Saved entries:

(* For every $\varepsilon\in(0,\tfrac12)$ there is an $n_0=n_0(\varepsilon)$ such that the following holds for all $n>n_0$. Let $G=(A,B;E_G)$ and $H=(S,T;E_H)$ be bipartite graphs with $|A|=|B|=|S|=|T|=n$ satisfying: (1) $d_G(x)>\left(\tfrac12+\varepsilon\right)n$ for all $x\in A\cup B$; (2) $d_H(x)<\dfrac{\varepsilon^4}{100}\cdot\dfrac{n}{\log n}$ for all $x\in S$; (3) $d_H(y)=1$ for all $y\in T$. Then $H\subseteq G$, i.e. $G$ contains a subgraph isomorphic to $H$ via an isomorphism mapping $S$ onto $A$ and $T$ onto $B$.
   Context: All graphs are simple. $d_G(v)$ denotes the degree of vertex $v$ in graph $G$. For a bipartite graph written $G=(A,B;E)$, $A$ and $B$ are its two vertex classes. *)

theory Defs
  imports Complex_Main
begin

definition bip_graph :: "'a set \<Rightarrow> 'a set \<Rightarrow> ('a \<times> 'a) set \<Rightarrow> bool" where
  "bip_graph A B E \<longleftrightarrow> finite A \<and> finite B \<and> A \<inter> B = {} \<and> E \<subseteq> A \<times> B"

definition degL :: "('a \<times> 'a) set \<Rightarrow> 'a \<Rightarrow> nat" where
  "degL E x = card {y. (x, y) \<in> E}"

definition degR :: "('a \<times> 'a) set \<Rightarrow> 'a \<Rightarrow> nat" where
  "degR E y = card {x. (x, y) \<in> E}"

definition bip_embeds ::
  "'a set \<Rightarrow> 'a set \<Rightarrow> ('a \<times> 'a) set \<Rightarrow> 'a set \<Rightarrow> 'a set \<Rightarrow> ('a \<times> 'a) set \<Rightarrow> bool" where
  "bip_embeds S T EH A B EG \<longleftrightarrow>
     (\<exists>f g. bij_betw f S A \<and> bij_betw g T B \<and> (\<forall>(s, t) \<in> EH. (f s, g t) \<in> EG))"

end

theory Submission
  imports Defs "HOL-Probability.Hoeffding" "HOL-Probability.Product_PMF"
begin

text \<open>H is a disjoint union of stars: every leaf \<open>t \<in> T\<close> hangs at a centre \<open>c t \<in> S\<close>, and the
  centre \<open>s\<close> carries \<open>d s = d\<^sub>H(s)\<close> leaves. First map the centres bijectively onto \<open>A\<close> so that
  for every \<open>b \<in> B\<close> the centres landing among the non-neighbours of \<open>b\<close> carry at most
  \<open>(1/2 + \<epsilon>) n\<close> leaves in total. Then Hall's condition for placing the leaves holds: a set of
  leaves whose neighbourhood misses some \<open>b\<close> has at most \<open>(1/2 + \<epsilon>) n\<close> elements, while a
  single leaf already sees more than \<open>(1/2 + \<epsilon>) n\<close> vertices of \<open>B\<close>.

  To find the centre map, list the centres so that every prefix sum of the weights \<open>d\<close> stays
  within \<open>max d + 1\<close> of its length, cut the positions into blocks of length about
  \<open>m = \<epsilon>\<^sup>2 n / (2 ln n)\<close>, and rotate every block by an independent uniform shift. A
  non-neighbourhood has at most \<open>(1/2 - \<epsilon>) n\<close> elements, so it receives expected weight at most
  \<open>n / 2\<close>; Hoeffding's inequality and a union bound over the \<open>n\<close> vertices of \<open>B\<close> show that
  some choice of shifts works.\<close>

section \<open>Hall's marriage theorem\<close>

definition hall_condition :: "'a set \<Rightarrow> ('a \<Rightarrow> 'b set) \<Rightarrow> bool" where
  "hall_condition X R \<longleftrightarrow> (\<forall>Y\<subseteq>X. card Y \<le> card (\<Union>(R ` Y)))"

lemma hall_condition_subset:
  "hall_condition X R \<Longrightarrow> Y \<subseteq> X \<Longrightarrow> hall_condition Y R"
  unfolding hall_condition_def by blast

lemma hall_condition_delete:
  assumes hall: "hall_condition X R" and x: "x \<in> X"
    and slack: "\<And>Y. Y \<subseteq> X \<Longrightarrow> Y \<noteq> {} \<Longrightarrow> Y \<noteq> X \<Longrightarrow> card Y < card (\<Union>(R ` Y))"
  shows "hall_condition (X - {x}) (\<lambda>z. R z - {y})"
  unfolding hall_condition_def
proof (intro allI impI)
  fix Y assume Y: "Y \<subseteq> X - {x}"
  show "card Y \<le> card (\<Union>z\<in>Y. R z - {y})"
  proof (cases "Y = {}")
    case False
    have less: "card Y < card (\<Union>(R ` Y))"
      using slack[of Y] Y x False by blast
    then have "finite (\<Union>(R ` Y))" by (intro card_ge_0_finite) linarith
    then have "card (\<Union>(R ` Y)) \<le> card (\<Union>(R ` Y) - {y}) + 1"
      using card_Suc_Diff1[of "\<Union>(R ` Y)" y] by (cases "y \<in> \<Union>(R ` Y)") auto
    moreover have "(\<Union>z\<in>Y. R z - {y}) = \<Union>(R ` Y) - {y}" by blast
    ultimately show ?thesis using less by simp
  qed simp
qed

lemma hall_condition_contract:
  assumes hall: "hall_condition X R" and Y: "Y \<subseteq> X"
    and tight: "card Y = card (\<Union>(R ` Y))" and fin: "finite X"
  shows "hall_condition (X - Y) (\<lambda>z. R z - \<Union>(R ` Y))"
  unfolding hall_condition_def
proof (intro allI impI)
  fix Z assume Z: "Z \<subseteq> X - Y"
  have ZY: "Z \<union> Y \<subseteq> X" using Z Y by blast
  then have "finite Z" "finite Y" using fin by (auto intro: rev_finite_subset)
  then have "card Z + card Y = card (Z \<union> Y)"
    using Z by (intro card_Un_disjoint[symmetric]) auto
  also have "\<dots> \<le> card (\<Union>(R ` (Z \<union> Y)))"
    using hall ZY unfolding hall_condition_def by blast
  also have "\<Union>(R ` (Z \<union> Y)) = (\<Union>z\<in>Z. R z - \<Union>(R ` Y)) \<union> \<Union>(R ` Y)" by blast
  also have "card \<dots> \<le> card (\<Union>z\<in>Z. R z - \<Union>(R ` Y)) + card (\<Union>(R ` Y))" by (rule card_Un_le)
  finally show "card Z \<le> card (\<Union>z\<in>Z. R z - \<Union>(R ` Y))" using tight by simp
qed

lemma hall_condition_tight_or_slack:
  assumes "hall_condition X R"
  obtains (tight) Y where "Y \<subseteq> X" "Y \<noteq> {}" "Y \<noteq> X" "card Y = card (\<Union>(R ` Y))"
    | (slack) "\<And>Y. Y \<subseteq> X \<Longrightarrow> Y \<noteq> {} \<Longrightarrow> Y \<noteq> X \<Longrightarrow> card Y < card (\<Union>(R ` Y))"
proof (cases "\<exists>Y\<subseteq>X. Y \<noteq> {} \<and> Y \<noteq> X \<and> card Y = card (\<Union>(R ` Y))")
  case False
  have "card Y < card (\<Union>(R ` Y))" if "Y \<subseteq> X" "Y \<noteq> {}" "Y \<noteq> X" for Y
  proof -
    have "card Y \<le> card (\<Union>(R ` Y))" using assms that(1) unfolding hall_condition_def by blast
    moreover have "card Y \<noteq> card (\<Union>(R ` Y))" using False that by blast
    ultimately show ?thesis by linarith
  qed
  then show ?thesis by (rule slack)
qed (use tight in blast)

lemma inj_on_if_disjoint_images:
  assumes "inj_on f Y" "inj_on g Z" "Y \<inter> Z = {}" "f ` Y \<subseteq> N" "g ` Z \<inter> N = {}"
  shows "inj_on (\<lambda>z. if z \<in> Y then f z else g z) (Y \<union> Z)"
proof (rule inj_on_Un[THEN iffD2], intro conjI)
  show "inj_on (\<lambda>z. if z \<in> Y then f z else g z) Y" using assms(1) by (simp add: inj_on_def)
  show "inj_on (\<lambda>z. if z \<in> Y then f z else g z) Z" using assms(2,3) by (auto simp: inj_on_def)
  show "(\<lambda>z. if z \<in> Y then f z else g z) ` (Y - Z) \<inter> (\<lambda>z. if z \<in> Y then f z else g z) ` (Z - Y) = {}"
    using assms(3-5) by auto
qed

theorem hall_marriage:
  assumes "finite X" "hall_condition X R"
  shows "\<exists>h. inj_on h X \<and> (\<forall>x\<in>X. h x \<in> R x)"
  using assms
proof (induction "card X" arbitrary: X R rule: less_induct)
  case less
  note fin = less.prems(1) and hall = less.prems(2)
  show ?case
  proof (cases "X = {}")
    case False
    from hall show ?thesis
    proof (cases rule: hall_condition_tight_or_slack)
      case slack
      obtain x where x: "x \<in> X" using False by blast
      have "card {x} \<le> card (\<Union>(R ` {x}))" using hall x unfolding hall_condition_def by blast
      then obtain y where y: "y \<in> R x" by fastforce
      have "card (X - {x}) < card X" using fin x by (rule card_Diff1_less)
      then obtain h where h: "inj_on h (X - {x})" "\<forall>z\<in>X - {x}. h z \<in> R z - {y}"
        using less.hyps[OF _ finite_Diff[OF fin] hall_condition_delete[OF hall x slack]] by blast
      have "inj_on (h(x := y)) X" using h x by (auto simp: inj_on_def)
      then show ?thesis using h y by (intro exI[of _ "h(x := y)"]) auto
    next
      case (tight Y)
      have finY: "finite Y" using tight(1) fin by (rule finite_subset)
      have "card Y < card X" using tight fin by (meson psubsetI psubset_card_mono)
      then obtain h1 where h1: "inj_on h1 Y" "\<forall>z\<in>Y. h1 z \<in> R z"
        using less.hyps[OF _ finY hall_condition_subset[OF hall tight(1)]] by blast
      have "0 < card Y" using finY tight(2) by auto
      then have "card (X - Y) < card X"
        using \<open>card Y < card X\<close> card_Diff_subset[OF finY tight(1)] by linarith
      then obtain h2 where h2: "inj_on h2 (X - Y)" "\<forall>z\<in>X - Y. h2 z \<in> R z - \<Union>(R ` Y)"
        using less.hyps[OF _ finite_Diff[OF fin] hall_condition_contract[OF hall tight(1,4) fin]]
        by blast
      have "inj_on (\<lambda>z. if z \<in> Y then h1 z else h2 z) (Y \<union> (X - Y))"
        using h1 h2 by (intro inj_on_if_disjoint_images[where N = "\<Union>(R ` Y)"]) auto
      moreover have "Y \<union> (X - Y) = X" using tight(1) by blast
      ultimately show ?thesis using h1(2) h2(2) by (intro exI[of _ "\<lambda>z. if z \<in> Y then h1 z else h2 z"]) auto
    qed
  qed simp
qed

What you have to do: Given the records above, reproduce precisely and only the lines between the line holding "- Z) \<inter>" and the line holding "then obtain y", inclusive.

Response to this exercise:
  show "(\<lambda>z. if z \<in> Y then f z else g z) ` (Y - Z) \<inter> (\<lambda>z. if z \<in> Y then f z else g z) ` (Z - Y) = {}"
    using assms(3-5) by auto
qed

theorem hall_marriage:
  assumes "finite X" "hall_condition X R"
  shows "\<exists>h. inj_on h X \<and> (\<forall>x\<in>X. h x \<in> R x)"
  using assms
proof (induction "card X" arbitrary: X R rule: less_induct)
  case less
  note fin = less.prems(1) and hall = less.prems(2)
  show ?case
  proof (cases "X = {}")
    case False
    from hall show ?thesis
    proof (cases rule: hall_condition_tight_or_slack)
      case slack
      obtain x where x: "x \<in> X" using False by blast
      have "card {x} \<le> card (\<Union>(R ` {x}))" using hall x unfolding hall_condition_def by blast
      then obtain y where y: "y \<in> R x" by fastforce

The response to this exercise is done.